(WORKING DATA begins)

(* Let $k$ be a field of characteristic $0$, $R=k[x_1,\dots,x_n]$ acting on $S=k[X_1,\dots,X_n]$ by differentiation, and let $\ell\in R_1$. Let $F\in S$ be a homogeneous form such that $R/\operatorname{Ann}(F)$ has the strong Lefschetz property with $\ell$ as a strong Lefschetz element. Then for every $d>0$, the Artinian Gorenstein algebra $R/\operatorname{Ann}(\ell^d\circ F)$ has the strong Lefschetz property.
   Context: $R$ acts on $S$ by $x_i\circ F=\partial F/\partial X_i$, and $\operatorname{Ann}(F)=\{g\in R\mid g\circ F=0\}$. A graded Artinian $k$-algebra $A$ has the strong Lefschetz property, with strong Lefschetz element $\ell\in A_1$, if for all $i$ and $j\ge0$ the multiplication map $\cdot\ell^j\colon A_i\to A_{i+j}$ is injective or surjective. *)

theory Defs
  imports Main "HOL-Library.Poly_Mapping"
begin

text \<open>Both R = k[x_v] and S = k[X_v] are
  modelled by this type.\<close>

type_synonym ('v, 'a) mpoly = "('v \<Rightarrow>\<^sub>0 nat) \<Rightarrow>\<^sub>0 'a"

definition mdeg :: "('v::finite \<Rightarrow>\<^sub>0 nat) \<Rightarrow> nat" where
  "mdeg m = (\<Sum>i\<in>UNIV. Poly_Mapping.lookup m i)"

text \<open>p is a homogeneous form of degree d (the zero polynomial counts as
  homogeneous of every degree, so R_d = {p. homog d p}).\<close>
definition homog :: "nat \<Rightarrow> ('v::finite, 'a::zero) mpoly \<Rightarrow> bool" where
  "homog d p \<longleftrightarrow> (\<forall>m\<in>Poly_Mapping.keys p. mdeg m = d)"

definition pderiv_mp :: "'v \<Rightarrow> ('v, 'a::comm_ring_1) mpoly \<Rightarrow> ('v, 'a) mpoly" where
  "pderiv_mp i F = (\<Sum>m\<in>Poly_Mapping.keys F.
      Poly_Mapping.single (m - Poly_Mapping.single i 1) (of_nat (Poly_Mapping.lookup m i) * Poly_Mapping.lookup F m))"

text \<open>The monomial x^m acts as the differential operator
  prod_i (d/dX_i)^(m_i).\<close>
definition diff_mono :: "('v::{finite,linorder} \<Rightarrow>\<^sub>0 nat) \<Rightarrow> ('v, 'a::comm_ring_1) mpoly \<Rightarrow> ('v, 'a) mpoly" where
  "diff_mono m = foldr (\<lambda>i f. (pderiv_mp i ^^ Poly_Mapping.lookup m i) \<circ> f) (sorted_list_of_set UNIV) id"

definition act :: "('v::{finite,linorder}, 'a::comm_ring_1) mpoly \<Rightarrow> ('v, 'a) mpoly \<Rightarrow> ('v, 'a) mpoly" where
  "act g F = (\<Sum>m\<in>Poly_Mapping.keys g. Poly_Mapping.single 0 (Poly_Mapping.lookup g m) * diff_mono m F)"

definition Ann :: "('v::{finite,linorder}, 'a::comm_ring_1) mpoly \<Rightarrow> ('v, 'a) mpoly set" where
  "Ann F = {g. act g F = 0}"
lemma card_max_matching_less_card_GE_O:
  assumes "graph V E" "GE_P V E = {}" "independent V E (GE_I V E)"
    and "max_matching E M" "p \<in> GE_O V E" "p \<notin> \<Union>M"
  shows "card M < card (GE_O V E)"
proof -
  note dd = max_matchingD(2)[OF assms(1,4)]
  have "finite V" using assms(1) unfolding graph_def by simp
  then have fin: "finite (GE_O V E)" by (rule finite_subset[OF GE_O_subset])
  have "card M \<le> card (GE_O V E - {p})"
  proof (rule card_le_if_inj_on_rel[where r = "\<lambda>e u. u \<in> e"])
    show "finite (GE_O V E - {p})" using fin by blast
    show "\<exists>u. u \<in> GE_O V E - {p} \<and> u \<in> e" if e: "e \<in> M" for e
    proof -
      obtain x y where xy: "e = {x, y}" using disjoint_doubletonsD(2)[OF dd e] by blast
      then have "E x y" using matching_edge[OF assms(1) max_matchingD(1)[OF assms(1,4)]] e
        by simp
      then have "x \<in> V" "y \<in> V" "x \<notin> GE_I V E \<or> y \<notin> GE_I V E"
        using graph_vertices[OF assms(1)] assms(3) unfolding independent_def by blast+
      then have "x \<in> GE_O V E \<or> y \<in> GE_O V E" using assms(2) unfolding GE_P_def by blast
      moreover have "p \<notin> e" using assms(6) e by blast
      ultimately show ?thesis using xy by blast
    qed
    show "e1 = e2" if "e1 \<in> M" "e2 \<in> M" "u \<in> GE_O V E - {p}" "u \<in> e1" "u \<in> e2"
      for e1 e2 u
      using disjoint_doubletons_unique[OF dd that(1,2,4,5)] .
  qed
  also have "\<dots> < card (GE_O V E)" using fin assms(5) by (rule card_Diff1_less)
  finally show ?thesis .
qed
lemma deficit_ge_1: "s \<in> N u \<Longrightarrow> s \<notin> Y \<Longrightarrow> 1 \<le> deficit Y u"
  using finite_N by (auto simp: deficit_def Suc_le_eq card_gt_0_iff)

lemma deficit_ge_2:
  assumes "s \<in> N u" "s' \<in> N u" "s \<noteq> s'" "s \<notin> Y" "s' \<notin> Y"
  shows "2 \<le> deficit Y u"
proof -
  have "card {s, s'} \<le> card (N u - Y)"
    using assms finite_N by (intro card_mono) auto
  then show ?thesis using assms(3) by (simp add: deficit_def)
qed

text \<open>If all deficits vanished, \<open>Y \<union> Nset Y\<close> or \<open>Y \<inter> Nset Y\<close> would be a nonempty
  neighbour-closed set missing the edge \<open>pq\<close>.\<close>
lemma connected_imp_deficit_sum_pos:
  assumes "graph_connected V E" "Y \<subseteq> V" "Y \<noteq> {}" "E p q" "p \<notin> Y" "q \<notin> Y"
  shows "0 < (\<Sum>u\<in>Nset Y. deficit Y u)"
proof (rule ccontr)
  assume "\<not> ?thesis"
  then have "deficit Y u = 0" if "u \<in> Nset Y" for u
    using that finite_Nset by simp
  then have saturated: "N u \<subseteq> Y" if "u \<in> Nset Y" for u
    using that finite_N by (simp add: deficit_def)
  have "p \<in> V" using assms(4) adj_in_V by blast
  show False
  proof (cases "Y \<inter> Nset Y = {}")
    case False
    have "neighbour_closed V E (Y \<inter> Nset Y)"
      using assms(2) saturated by (auto simp: neighbour_closed_def Nset_def)
    with False assms(1) have "Y \<inter> Nset Y = V" by (simp add: graph_connected_def)
    with \<open>p \<in> V\<close> assms(5) show False by blast
  next
    case True
    have "neighbour_closed V E (Y \<union> Nset Y)" unfolding neighbour_closed_def
    proof (intro conjI ballI)
      show "Y \<union> Nset Y \<subseteq> V" using assms(2) Nset_subset by blast
      show "N v \<subseteq> Y \<union> Nset Y" if "v \<in> Y \<union> Nset Y" for v
        using that saturated by (auto simp: Nset_def)
    qed
    with assms(1,3) have "Y \<union> Nset Y = V" by (simp add: graph_connected_def)
    with \<open>p \<in> V\<close> assms(5) have "N p \<subseteq> Y" using saturated by blast
    with assms(4,6) show False by (simp add: in_N_iff subset_iff)
  qed
qed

(WORKING DATA ends)

TASK TO COMPLETE: An exact repeat of the lines from the one containing "< (\<Sum>u\<in>Nset Y." through the final line of the entries is the whole answer.

OUTPUT BELOW:
  shows "0 < (\<Sum>u\<in>Nset Y. deficit Y u)"
proof (rule ccontr)
  assume "\<not> ?thesis"
  then have "deficit Y u = 0" if "u \<in> Nset Y" for u
    using that finite_Nset by simp
  then have saturated: "N u \<subseteq> Y" if "u \<in> Nset Y" for u
    using that finite_N by (simp add: deficit_def)
  have "p \<in> V" using assms(4) adj_in_V by blast
  show False
  proof (cases "Y \<inter> Nset Y = {}")
    case False
    have "neighbour_closed V E (Y \<inter> Nset Y)"
      using assms(2) saturated by (auto simp: neighbour_closed_def Nset_def)
    with False assms(1) have "Y \<inter> Nset Y = V" by (simp add: graph_connected_def)
    with \<open>p \<in> V\<close> assms(5) show False by blast
  next
    case True
    have "neighbour_closed V E (Y \<union> Nset Y)" unfolding neighbour_closed_def
    proof (intro conjI ballI)
      show "Y \<union> Nset Y \<subseteq> V" using assms(2) Nset_subset by blast
      show "N v \<subseteq> Y \<union> Nset Y" if "v \<in> Y \<union> Nset Y" for v
        using that saturated by (auto simp: Nset_def)
    qed
    with assms(1,3) have "Y \<union> Nset Y = V" by (simp add: graph_connected_def)
    with \<open>p \<in> V\<close> assms(5) have "N p \<subseteq> Y" using saturated by blast
    with assms(4,6) show False by (simp add: in_N_iff subset_iff)
  qed
qed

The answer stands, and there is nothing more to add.